lemma delta_commute:
  assumes "infinite (UNIV :: 'l set)" and "finite S" and "finite T" and "S \<inter> T = {}"
    and "x \<in> H (S \<union> T)"
  shows "\<Delta> T S x = prod.swap (\<Delta> S T x)"
proof -
  obtain \<tau> \<rho> T' S' where \<tau>: "inj_on \<tau> T" "\<tau> ` T = T'" and \<rho>: "inj_on \<rho> S" "\<rho> ` S = S'"
    and dj: "T' \<inter> (S \<union> T) = {}" "S' \<inter> (S \<union> T \<union> T') = {}"
    using obtain_fresh_copies[OF assms(1-3)] .
  have fin: "finite T'" "finite S'" and card: "card T' = card T" "card S' = card S"
    using assms(2,3) \<tau> \<rho> by (auto simp: card_image)
  have djs: "S \<inter> T' = {}" "T \<inter> S' = {}" "T \<inter> S = {}" "T' \<inter> S' = {}" "S' \<inter> T' = {}"
    "(S \<union> T) \<inter> (T' \<union> S') = {}" "(S \<union> T') \<inter> (T \<union> S') = {}"
    using dj assms(4) by auto
  have x: "fst (\<Delta> S T x) \<in> H S" "snd (\<Delta> S T x) \<in> H T" "fst (\<Delta> T S x) \<in> H T" "snd (\<Delta> T S x) \<in> H S"
    using delta_closed[OF assms(2-5)] delta_closed[OF assms(3,2) djs(3)] assms(5) by (simp_all add: Un_commute)
  have "m T' S' (rl \<tau> T (snd (\<Delta> S T x))) (rl \<rho> S (fst (\<Delta> S T x))) \<in> H (T' \<union> S')"
    using m_closed[OF fin djs(4)] rl_closed[OF assms(3) \<tau>(1) x(2)] rl_closed[OF assms(2) \<rho>(1) x(1)]
      \<tau>(2) \<rho>(2) by simp
  then obtain w where w: "w \<in> H (T' \<union> S')" ..
  have w': "fst (\<Delta> T' S' w) \<in> H T'" "snd (\<Delta> T' S' w) \<in> H S'"
    "fst (\<Delta> S' T' w) \<in> H S'" "snd (\<Delta> S' T' w) \<in> H T'"
    using delta_closed[OF fin djs(4) w] delta_closed[OF fin(2,1) djs(5)] w by (simp_all add: Un_commute)
  define X where "X = m (S \<union> T) (T' \<union> S') x w"
  have "X \<in> H ((S \<union> T') \<union> (T \<union> S'))"
    using m_closed[OF _ _ djs(6) assms(5) w] assms(2,3) fin unfolding X_def by (simp add: Un_ac)
  moreover have "card (S \<union> T') = card (T \<union> S')"
    using assms(2,3) fin djs card by (simp add: card_Un_disjoint)
  ultimately have "\<Delta> (T \<union> S') (S \<union> T') X = prod.swap (\<Delta> (S \<union> T') (T \<union> S') X)"
    using delta_commute_same_card[OF _ _ djs(7)] assms(2,3) fin by simp
  moreover have "\<Delta> (S \<union> T') (T \<union> S') X =
    (m S T' (fst (\<Delta> S T x)) (fst (\<Delta> T' S' w)), m T S' (snd (\<Delta> S T x)) (snd (\<Delta> T' S' w)))"
    unfolding X_def by (rule delta_m_compat) (use assms fin dj w in auto)
  moreover have "\<Delta> (T \<union> S') (S \<union> T') X =
    (m T S' (fst (\<Delta> T S x)) (fst (\<Delta> S' T' w)), m S T' (snd (\<Delta> T S x)) (snd (\<Delta> S' T' w)))"
    unfolding X_def by (rule delta_m_compat) (use assms fin dj w in auto)
  ultimately have "m T S' (fst (\<Delta> T S x)) (fst (\<Delta> S' T' w)) = m T S' (snd (\<Delta> S T x)) (snd (\<Delta> T' S' w))"
    and "m S T' (snd (\<Delta> T S x)) (snd (\<Delta> S' T' w)) = m S T' (fst (\<Delta> S T x)) (fst (\<Delta> T' S' w))"
    by simp_all
  then have "fst (\<Delta> T S x) = snd (\<Delta> S T x)" and "snd (\<Delta> T S x) = fst (\<Delta> S T x)"
    using m_eq_iff[OF assms(3) fin(2) djs(2) x(3) w'(3) x(2) w'(2)]
      m_eq_iff[OF assms(2) fin(1) djs(1) x(4) w'(4) x(1) w'(1)] by simp_all
  then show ?thesis
    by (simp add: prod_eq_iff)
qed
abbreviation "SV \<equiv> subdiv_V V E k"
abbreviation "SE \<equiv> subdiv_E V E k"

lemma Inl_in_SV [simp]: "Inl x \<in> SV \<longleftrightarrow> x \<in> V"
  by (auto simp: subdiv_V_def subdiv_new_def)

lemma Inr_in_SV [simp]: "Inr (e, c) \<in> SV \<longleftrightarrow> e \<in> edges V E \<and> c < k"
  by (auto simp: subdiv_V_def subdiv_new_def)

lemma subdiv_new_subset_SV: "subdiv_new V E k \<subseteq> SV"
  by (simp add: subdiv_V_def)

lemma SE_simps [simp]:
  "\<not> SE (Inl x) (Inl y)" "\<not> SE (Inr p) (Inr q)"
  "SE (Inl x) (Inr (e, c)) \<longleftrightarrow> e \<in> edges V E \<and> c < k \<and> x \<in> e"
  "SE (Inr (e, c)) (Inl x) \<longleftrightarrow> e \<in> edges V E \<and> c < k \<and> x \<in> e"
  by (auto simp: subdiv_E_def)

lemma finite_SV: "finite SV"
proof -
  have "subdiv_new V E k = (\<lambda>(e, c). Inr (e, c)) ` (edges V E \<times> {..<k})"
    by (auto simp: subdiv_new_def)
  then show ?thesis using finite_V finite_edges by (simp add: subdiv_V_def)
qed

lemma SE_in_SV: "SE x y \<Longrightarrow> x \<in> SV \<and> y \<in> SV"
  by (cases x; cases y) (auto intro: edge_subset[THEN subsetD])

lemma SE_path_Inl: "E\<^sup>*\<^sup>* u v \<Longrightarrow> SE\<^sup>*\<^sup>* (Inl u) (Inl v)"
proof (induction rule: rtranclp_induct)
  case (step v w)
  then have "{v, w} \<in> edges V E" by (auto simp: edges_iff)
  then have "SE (Inl v) (Inr ({v, w}, 0))" "SE (Inr ({v, w}, 0)) (Inl w)"
    using k_pos by auto
  then show ?case using step.IH by (meson rtranclp.rtrancl_into_rtrancl)
qed simp

lemma SE_connected:
  assumes "x \<in> SV" "y \<in> SV"
  shows "SE\<^sup>*\<^sup>* x y"
proof -
  have "\<exists>a\<in>V. SE\<^sup>*\<^sup>* x (Inl a) \<and> SE\<^sup>*\<^sup>* (Inl a) x" if "x \<in> SV" for x
  proof (cases x)
    case (Inr p)
    obtain e c where "p = (e, c)" by fastforce
    with Inr that have "x = Inr (e, c)" "e \<in> edges V E" "c < k" by auto
    moreover obtain a where "a \<in> e" using edge_subset card_edge \<open>e \<in> edges V E\<close>
      by (metis card.empty ex_in_conv zero_neq_numeral)
    ultimately show ?thesis
      using edge_subset by (intro bexI[of _ a]) (auto intro: r_into_rtranclp)
  qed (use that in auto)
  then obtain a b where "a \<in> V" "SE\<^sup>*\<^sup>* x (Inl a)" "b \<in> V" "SE\<^sup>*\<^sup>* (Inl b) y"
    using assms by meson
  moreover have "SE\<^sup>*\<^sup>* (Inl a) (Inl b)"
    using connected \<open>a \<in> V\<close> \<open>b \<in> V\<close> SE_path_Inl by (simp add: connected_graph_def)
  ultimately show ?thesis by (meson rtranclp_trans)
qed
text \<open>Write \<open>\<alpha> = a / b\<close> in lowest terms. Reduction modulo \<open>t = c\<close> commutes with
  \<open>z \<mapsto> z\<^sup>2 + t\<close>, and a point has portrait \<open>(M + 1, 1)\<close> iff its \<open>M\<close>-th image has
  portrait \<open>(1, 1)\<close>; for \<open>z\<^sup>2 + c\<close> these are the roots \<open>w \<noteq> 0\<close> of \<open>w\<^sup>2 + w + c\<close>. Hence
  \<open>\<alpha>\<close> realizes \<open>(1, 1)\<close> iff the quadratic form \<open>N(a, b) = a\<^sup>2 + a b + t b\<^sup>2\<close> has a root
  \<open>c\<close> with \<open>a(c) \<noteq> 0\<close>, so \<open>\<alpha>\<close> fails exactly when \<open>a(0) = 0\<close> and \<open>N(a, b) = k t\<^sup>n\<close>.
  The form satisfies \<open>N(\<phi>\<^sub>1(a, b)) = t\<^sup>2 N(a, b)\<close> for the linear action of \<open>\<phi>\<^sub>1\<close> on
  homogeneous coordinates, and every failing pair with \<open>n \<ge> 2\<close> has a \<open>\<phi>\<^sub>1\<close>-preimage of the
  same kind with \<open>n - 2\<close>; descending to \<open>n \<le> 1\<close> or to \<open>q = 0\<close> lands at \<open>0\<close> or \<open>\<infinity>\<close>.
  The portrait \<open>(0, 1)\<close> is always realized by a root of \<open>N(-a, b)\<close>, and \<open>(M, 1)\<close> with
  \<open>M \<ge> 2\<close> always is, because for \<open>\<gamma>\<^sup>2 + t\<close> the form has a nonzero root. The heights
  follow from \<open>deg N(a, b) = max (2 deg a) (2 deg b + 1)\<close>.\<close>


section \<open>Lowest terms in \<open>K(t)\<close>\<close>

lemma fract_coprime_rep:
  fixes x :: "'a::field ratfun"
  obtains a b where "b \<noteq> 0" "x = Fract a b" "coprime a b"
proof -
  let ?rep = "\<lambda>n. \<exists>a b. b \<noteq> 0 \<and> x = Fract a b \<and> degree b = n"
  obtain a0 b0 where "x = Fract a0 b0" "b0 \<noteq> 0" by (cases x)
  then obtain n where "?rep n" and minimal: "\<And>m. m < n \<Longrightarrow> \<not> ?rep m"
    using exists_least_iff[of ?rep] by blast
  then obtain a b where ab: "b \<noteq> 0" "x = Fract a b" "degree b = n" by blast
  have "coprime a b"
  proof (rule coprimeI)
    fix d assume "d dvd a" "d dvd b"
    then obtain a' b' where a': "a = d * a'" and b': "b = d * b'" by (auto elim!: dvdE)
    with ab have "d \<noteq> 0" "b' \<noteq> 0" by auto
    with ab a' b' have "?rep (degree b')" by (auto simp: mult_fract_cancel)
    moreover have "degree b = degree d + degree b'"
      using b' \<open>d \<noteq> 0\<close> \<open>b' \<noteq> 0\<close> by (simp add: degree_mult_eq)
    ultimately have "degree d = 0" using minimal ab(3) by (metis add_0 not_gr_zero less_add_same_cancel2)
    with \<open>d \<noteq> 0\<close> show "is_unit d" by (simp add: is_unit_iff_degree)
  qed
  with ab that show thesis by blast
qed

text \<open>Elements \<open>u a + v b\<close> of least degree divide both \<open>a\<close> and \<open>b\<close>.\<close>
lemma coprime_poly_bezout:
  fixes a b :: "'a::field poly"
  assumes "coprime a b"
  obtains u v where "u * a + v * b = 1"
proof -
  let ?comb = "\<lambda>n. \<exists>u v. u * a + v * b \<noteq> 0 \<and> degree (u * a + v * b) = n"
  have "a \<noteq> 0 \<or> b \<noteq> 0"
    using assms by auto
  then have "?comb (degree a) \<or> ?comb (degree b)"
    by (metis add.right_neutral add_0 mult_1 mult_zero_left)
  then obtain n where "?comb n" and minimal: "\<And>m. m < n \<Longrightarrow> \<not> ?comb m"
    using exists_least_iff[of ?comb] by blast
  then obtain u v where d0: "u * a + v * b \<noteq> 0" and deg: "degree (u * a + v * b) = n" by blast
  define d where "d = u * a + v * b"
  have "d dvd x" if "x = a \<or> x = b" for x
  proof (rule ccontr)
    assume "\<not> d dvd x"
    then have "x mod d \<noteq> 0" by (simp add: dvd_eq_mod_eq_0)
    define U V where "U = (if x = a then 1 else 0) - x div d * u"
      and "V = (if x = a then 0 else 1) - x div d * v"
    have "x mod d = U * a + V * b"
      using that unfolding U_def V_def d_def minus_div_mult_eq_mod[symmetric]
      by (auto simp: algebra_simps)
    with \<open>x mod d \<noteq> 0\<close> have "?comb (degree (x mod d))"
      by (metis (mono_tags))
    moreover have "degree (x mod d) < n"
      using degree_mod_less'[of d x] d0 deg \<open>x mod d \<noteq> 0\<close> by (simp add: d_def)
    ultimately show False using minimal by blast
  qed
  with assms have "is_unit d" by (simp add: coprime_common_divisor)
  then obtain c where c: "c \<noteq> 0" "d = [:c:]"
    using is_unit_poly_iff[of d] by fastforce
  have "smult (inverse c) u * a + smult (inverse c) v * b = smult (inverse c) d"
    by (simp add: d_def smult_add_right)
  also have "\<dots> = 1"
    using c by (simp add: one_pCons)
  finally show thesis by (rule that)
qed

lemma coprime_poly_dvd_mult_cancel:
  fixes a b c :: "'a::field poly"
  assumes "coprime a b" "b dvd a * c"
  shows "b dvd c"
proof -
  obtain u v where "u * a + v * b = 1" using assms(1) by (rule coprime_poly_bezout)
  then have "c = (u * a + v * b) * c"
    by simp
  also have "\<dots> = u * (a * c) + b * (v * c)"
    by (simp add: algebra_simps)
  also have "b dvd \<dots>"
    using assms(2) by simp
  finally show ?thesis .
qed

lemma Fract_coprime_unique:
  fixes a b c d :: "'a::field poly"
  assumes "b \<noteq> 0" "d \<noteq> 0" "coprime a b" "coprime c d" "Fract a b = Fract c d"
  obtains u where "u \<noteq> 0" "c = smult u a" "d = smult u b"
proof -
  have eq: "a * d = c * b" using assms(1,2,5) by (simp add: eq_fract)
  then have "b dvd d" "d dvd b"
    using assms(3,4) coprime_poly_dvd_mult_cancel by (metis dvd_triv_right)+
  then obtain w where w: "d = b * w" and "is_unit w"
    using assms(1) by (metis dvd_def dvd_times_left_cancel_iff mult_1_right)
  then obtain u where u: "u \<noteq> 0" "w = [:u:]"
    using is_unit_poly_iff[of w] by fastforce
  from eq w assms(1) have "c = a * w" by (simp add: mult.commute mult.left_commute)
  with u w that show thesis by (simp add: mult.commute)
qed

lemma rnum_rden:
  fixes x :: "'a::field ratfun"
  shows "x = Fract (rnum x) (rden x)" "lead_coeff (rden x) = 1" "coprime (rnum x) (rden x)"
proof -
  let ?normal = "\<lambda>(p, q). x = Fract p q \<and> lead_coeff q = 1 \<and> coprime p q"
  obtain a b where ab: "b \<noteq> 0" "x = Fract a b" "coprime a b"
    by (rule fract_coprime_rep)
  define u where "u = inverse (lead_coeff b)"
  have "u \<noteq> 0" "lead_coeff (smult u b) = 1"
    using ab(1) by (simp_all add: u_def)
  moreover have "x = Fract (smult u a) (smult u b)"
    using ab \<open>u \<noteq> 0\<close> mult_fract_cancel[of "[:u:]" a b] by simp
  moreover have "coprime (smult u a) (smult u b)"
    using ab(3) \<open>u \<noteq> 0\<close> by (simp add: coprime_def dvd_smult_cancel)
  ultimately have "?normal (smult u a, smult u b)" by simp
  then have "?normal (rnumden x)"
    unfolding rnumden_def by (rule someI)
  then show "x = Fract (rnum x) (rden x)" "lead_coeff (rden x) = 1" "coprime (rnum x) (rden x)"
    unfolding rnum_def rden_def by (simp_all add: case_prod_beta)
qed

lemma rnum_rden_Fract:
  fixes a b :: "'a::field poly"
  assumes "b \<noteq> 0" "coprime a b"
  obtains u where "u \<noteq> 0" "rnum (Fract a b) = smult u a" "rden (Fract a b) = smult u b"
proof -
  have "rden (Fract a b) \<noteq> 0"
    using rnum_rden(2)[of "Fract a b"] by auto
  with assms rnum_rden[of "Fract a b"] show thesis
    using Fract_coprime_unique that by metis
qed

lemma reduce_at_Fract:
  fixes a b :: "'a::field poly"
  assumes "b \<noteq> 0" "coprime a b"
  shows "reduce_at (Fract a b) c = (if poly b c = 0 then None else Some (poly a c / poly b c))"
  using assms by (rule rnum_rden_Fract) (simp add: reduce_at_def)

lemma height_Fract:
  fixes a b :: "'a::field poly"
  assumes "b \<noteq> 0" "coprime a b"
  shows "height (Some (Fract a b)) = max (degree a) (degree b)"
  using assms by (rule rnum_rden_Fract) (simp add: height_def)

lemma coprime_iff_no_common_root:
  fixes p q :: "'a::alg_closed_field poly"
  shows "coprime p q \<longleftrightarrow> (\<forall>c. poly p c \<noteq> 0 \<or> poly q c \<noteq> 0)"
proof
  assume "coprime p q"
  show "\<forall>c. poly p c \<noteq> 0 \<or> poly q c \<noteq> 0"
  proof (intro allI, rule ccontr)
    fix c assume "\<not> (poly p c \<noteq> 0 \<or> poly q c \<noteq> 0)"
    then have "[:-c, 1:] dvd p" "[:-c, 1:] dvd q"
      by (simp_all add: poly_eq_0_iff_dvd)
    with \<open>coprime p q\<close> have "is_unit [:-c, 1:]"
      by (rule coprime_common_divisor)
    then show False by (simp add: is_unit_iff_degree)
  qed
next
  assume no_common_root: "\<forall>c. poly p c \<noteq> 0 \<or> poly q c \<noteq> 0"
  show "coprime p q"
  proof (rule coprimeI)
    fix d assume "d dvd p" "d dvd q"
    then have "poly d c \<noteq> 0" for c
      using no_common_root by (metis dvd_def mult_eq_0_iff poly_mult)
    then have "d \<noteq> 0" "degree d = 0"
      using alg_closed_imp_poly_has_root by (auto intro: Nat.gr0I)
    then show "is_unit d"
      by (simp add: is_unit_iff_degree)
  qed
qed

lemma dvd_monom_imp_unit:
  fixes d :: "'a::field poly"
  assumes "d dvd monom k n" "k \<noteq> 0" "poly d 0 \<noteq> 0"
  shows "is_unit d"
proof -
  obtain e where e: "monom k n = d * e"
    using assms(1) by (rule dvdE)
  moreover have "monom k n \<noteq> 0"
    using assms(2) by (simp add: monom_eq_0_iff)
  ultimately have "e \<noteq> 0"
    by auto
  have "n = order 0 (d * e)"
    using assms(2) by (simp flip: e)
  also have "\<dots> = order 0 d + order 0 e"
    using \<open>monom k n \<noteq> 0\<close> e by (simp add: order_mult)
  finally have "n = order 0 d + order 0 e" .
  moreover have "order 0 d = 0"
    using assms(3) by (rule order_0I)
  ultimately obtain f where f: "e = monom 1 n * f"
    using monom_1_dvd_iff[of e n] \<open>e \<noteq> 0\<close> by (auto elim: dvdE)
  have "monom 1 n * [:k:] = monom 1 n * (d * f)"
    using e by (simp add: f monom_altdef algebra_simps)
  then have "[:k:] = d * f"
    by (subst (asm) mult_left_cancel) (simp_all add: monom_eq_0_iff)
  then have "d dvd [:k:]"
    by (metis dvd_triv_left)
  with assms(2) show ?thesis
    using is_unit_const_poly_iff[of k] dvd_trans by (auto simp: dvd_field_iff)
qed

lemma poly_roots_only_0_eq_monom:
  fixes p :: "'a::alg_closed_field poly"
  assumes "p \<noteq> 0" "\<And>c. poly p c = 0 \<Longrightarrow> c = 0"
  obtains k n where "k \<noteq> 0" "p = monom k n"
proof -
  obtain q where q: "p = [:0, 1:] ^ order 0 p * q" and "\<not> [:0, 1:] dvd q"
    using order_decomp[OF assms(1), of 0] by auto
  have "poly q c \<noteq> 0" for c
  proof (cases "c = 0")
    case True
    with \<open>\<not> [:0, 1:] dvd q\<close> show ?thesis
      by (simp add: poly_eq_0_iff_dvd)
  next
    case False
    with assms(2) have "poly p c \<noteq> 0" by blast
    with q show ?thesis by (metis mult_zero_right poly_mult)
  qed
  then have "degree q = 0"
    using alg_closed_imp_poly_has_root by blast
  then obtain k where "q = [:k:]"
    by (metis degree_0_id)
  with q assms(1) have "k \<noteq> 0" "p = monom k (order 0 p)"
    by (auto simp: monom_altdef)
  then show thesis
    by (rule that)
qed

section \<open>Preperiodic portraits\<close>

lemma is_periodic_funpow:
  assumes "is_periodic f y"
  shows "is_periodic f ((f ^^ k) y)"
proof -
  obtain n where "n > 0" "(f ^^ n) y = y"
    using assms unfolding is_periodic_def by blast
  then have "(f ^^ n) ((f ^^ k) y) = (f ^^ k) y"
    by (metis comp_apply funpow_add add.commute)
  with \<open>n > 0\<close> show ?thesis
    unfolding is_periodic_def by blast
qed

lemma has_portrait_funpow_iff:
  assumes "0 < M"
  shows "has_portrait f ((f ^^ m) x) M N \<longleftrightarrow> has_portrait f x (m + M) N"
proof -
  let ?per = "\<lambda>j. is_periodic f ((f ^^ j) x)"
  have iter: "(f ^^ j) ((f ^^ m) x) = (f ^^ (m + j)) x" for j
    by (simp add: funpow_add add.commute)
  have "(\<forall>j<M. \<not> ?per (m + j)) \<longleftrightarrow> (\<forall>j<m + M. \<not> ?per j)"
  proof
    assume nonper: "\<forall>j<M. \<not> ?per (m + j)"
    show "\<forall>j<m + M. \<not> ?per j"
    proof (intro allI impI notI)
      fix j assume "j < m + M" "?per j"
      then have "is_periodic f ((f ^^ (m + (M - 1) - j)) ((f ^^ j) x))"
        by (simp add: is_periodic_funpow)
      moreover have "m + (M - 1) - j + j = m + (M - 1)"
        using \<open>j < m + M\<close> by simp
      ultimately have "?per (m + (M - 1))"
        by (metis comp_apply funpow_add)
      moreover have "M - 1 < M"
        using assms by simp
      ultimately show False
        using nonper by blast
    qed
  qed auto
  then show ?thesis
    unfolding has_portrait_def iter by simp
qed

lemma has_portrait_fixed_point:
  assumes "f y = y"
  shows "has_portrait f y 0 1"
  using assms unfolding has_portrait_def is_periodic_def exact_period_def by auto

lemma has_portrait_1_1_iff:
  "has_portrait f x 1 1 \<longleftrightarrow> f (f x) = f x \<and> f x \<noteq> x"
proof
  assume portrait: "has_portrait f x 1 1"
  then have nonper: "\<not> is_periodic f x"
    unfolding has_portrait_def by (metis funpow_0 zero_less_one)
  have "f x \<noteq> x"
  proof
    assume "f x = x"
    then have "is_periodic f x"
      unfolding is_periodic_def by (intro exI[of _ 1]) simp
    with nonper show False ..
  qed
  moreover have "f (f x) = f x"
    using portrait by (simp add: has_portrait_def exact_period_def)
  ultimately show "f (f x) = f x \<and> f x \<noteq> x" by simp
next
  assume fixed: "f (f x) = f x \<and> f x \<noteq> x"
  then have "(f ^^ Suc n) x = f x" for n
    by (induction n) auto
  with fixed have "\<not> is_periodic f x"
    unfolding is_periodic_def by (metis gr0_implies_Suc)
  with fixed show "has_portrait f x 1 1"
    unfolding has_portrait_def is_periodic_def exact_period_def by auto
qed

● ● ●

Work order: Look above for the line with "by (auto simp: subdiv_E_def)" and the line with "case (Inr p)". Write out those two lines and all the lines between them, exactly, and no others.

Written answer:
  by (auto simp: subdiv_E_def)

lemma finite_SV: "finite SV"
proof -
  have "subdiv_new V E k = (\<lambda>(e, c). Inr (e, c)) ` (edges V E \<times> {..<k})"
    by (auto simp: subdiv_new_def)
  then show ?thesis using finite_V finite_edges by (simp add: subdiv_V_def)
qed

lemma SE_in_SV: "SE x y \<Longrightarrow> x \<in> SV \<and> y \<in> SV"
  by (cases x; cases y) (auto intro: edge_subset[THEN subsetD])

lemma SE_path_Inl: "E\<^sup>*\<^sup>* u v \<Longrightarrow> SE\<^sup>*\<^sup>* (Inl u) (Inl v)"
proof (induction rule: rtranclp_induct)
  case (step v w)
  then have "{v, w} \<in> edges V E" by (auto simp: edges_iff)
  then have "SE (Inl v) (Inr ({v, w}, 0))" "SE (Inr ({v, w}, 0)) (Inl w)"
    using k_pos by auto
  then show ?case using step.IH by (meson rtranclp.rtrancl_into_rtrancl)
qed simp

lemma SE_connected:
  assumes "x \<in> SV" "y \<in> SV"
  shows "SE\<^sup>*\<^sup>* x y"
proof -
  have "\<exists>a\<in>V. SE\<^sup>*\<^sup>* x (Inl a) \<and> SE\<^sup>*\<^sup>* (Inl a) x" if "x \<in> SV" for x
  proof (cases x)
    case (Inr p)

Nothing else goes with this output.